═════ Material for the task ═════
lemma tmul_single_terms:
  assumes "length xs = n" "length ys = n"
  shows "tmul hb n (tens_of_terms n [(xs, f)]) (tens_of_terms n [(ys, g)]) =
    tens_of_terms n [(zs, \<lambda>h. f h * g (wt_shift h xs) * \<phi> h). (zs, \<phi>) \<leftarrow> mprods hb xs ys]"
  unfolding tmul_def tens_of_terms_def[of n "map _ _"]
proof (rule restr_eqI)
  fix ms :: "mon list" and h :: "cw list"
  assume lens: "length ms = n" "length h = n"
  have sum_if: "(\<Sum>b\<in>B. if P then u b else 0) = (if P then \<Sum>b\<in>B. u b else 0)"
    for P B and u :: "mon list \<Rightarrow> complex"
    by simp
  have "(\<Sum>a\<in>mons n. \<Sum>b\<in>mons n.
          tens_of_terms n [(xs, f)] a h * tens_of_terms n [(ys, g)] b (wt_shift h a) *
          (\<Prod>i<n. sc hb (a ! i) (b ! i) (ms ! i) (h ! i)))
      = f h * g (wt_shift h xs) * (\<Prod>i<n. sc hb (xs ! i) (ys ! i) (ms ! i) (h ! i))"
    using assms lens
    by (simp add: tens_of_terms_def restr_def sum_if if_distrib[of "\<lambda>x. x * _"]
        if_distrib[of "times _"] cong: if_cong)
  also have "\<dots> = (\<Sum>(zs, \<phi>)\<leftarrow>[(zs, \<lambda>h. f h * g (wt_shift h xs) * \<phi> h). (zs, \<phi>) \<leftarrow> mprods hb xs ys].
       if ms = zs then \<phi> h else 0)"
    using prod_sc_eq_mprods[of ys xs ms h hb] assms lens
    by (simp add: sum_list_const_mult[symmetric] case_prod_beta o_def if_distrib[of "times _"]
        eq_commute[of ms] cong: if_cong)
  finally show "(\<Sum>a\<in>mons n. \<Sum>b\<in>mons n.
          tens_of_terms n [(xs, f)] a h * tens_of_terms n [(ys, g)] b (wt_shift h a) *
          (\<Prod>i<n. sc hb (a ! i) (b ! i) (ms ! i) (h ! i))) = \<dots>" .
qed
═════
» **Your objective**
Word for word, restate each of the records above.

» **Solution**
lemma tmul_single_terms:
  assumes "length xs = n" "length ys = n"
  shows "tmul hb n (tens_of_terms n [(xs, f)]) (tens_of_terms n [(ys, g)]) =
    tens_of_terms n [(zs, \<lambda>h. f h * g (wt_shift h xs) * \<phi> h). (zs, \<phi>) \<leftarrow> mprods hb xs ys]"
  unfolding tmul_def tens_of_terms_def[of n "map _ _"]
proof (rule restr_eqI)
  fix ms :: "mon list" and h :: "cw list"
  assume lens: "length ms = n" "length h = n"
  have sum_if: "(\<Sum>b\<in>B. if P then u b else 0) = (if P then \<Sum>b\<in>B. u b else 0)"
    for P B and u :: "mon list \<Rightarrow> complex"
    by simp
  have "(\<Sum>a\<in>mons n. \<Sum>b\<in>mons n.
          tens_of_terms n [(xs, f)] a h * tens_of_terms n [(ys, g)] b (wt_shift h a) *
          (\<Prod>i<n. sc hb (a ! i) (b ! i) (ms ! i) (h ! i)))
      = f h * g (wt_shift h xs) * (\<Prod>i<n. sc hb (xs ! i) (ys ! i) (ms ! i) (h ! i))"
    using assms lens
    by (simp add: tens_of_terms_def restr_def sum_if if_distrib[of "\<lambda>x. x * _"]
        if_distrib[of "times _"] cong: if_cong)
  also have "\<dots> = (\<Sum>(zs, \<phi>)\<leftarrow>[(zs, \<lambda>h. f h * g (wt_shift h xs) * \<phi> h). (zs, \<phi>) \<leftarrow> mprods hb xs ys].
       if ms = zs then \<phi> h else 0)"
    using prod_sc_eq_mprods[of ys xs ms h hb] assms lens
    by (simp add: sum_list_const_mult[symmetric] case_prod_beta o_def if_distrib[of "times _"]
        eq_commute[of ms] cong: if_cong)
  finally show "(\<Sum>a\<in>mons n. \<Sum>b\<in>mons n.
          tens_of_terms n [(xs, f)] a h * tens_of_terms n [(ys, g)] b (wt_shift h a) *
          (\<Prod>i<n. sc hb (a ! i) (b ! i) (ms ! i) (h ! i))) = \<dots>" .
qed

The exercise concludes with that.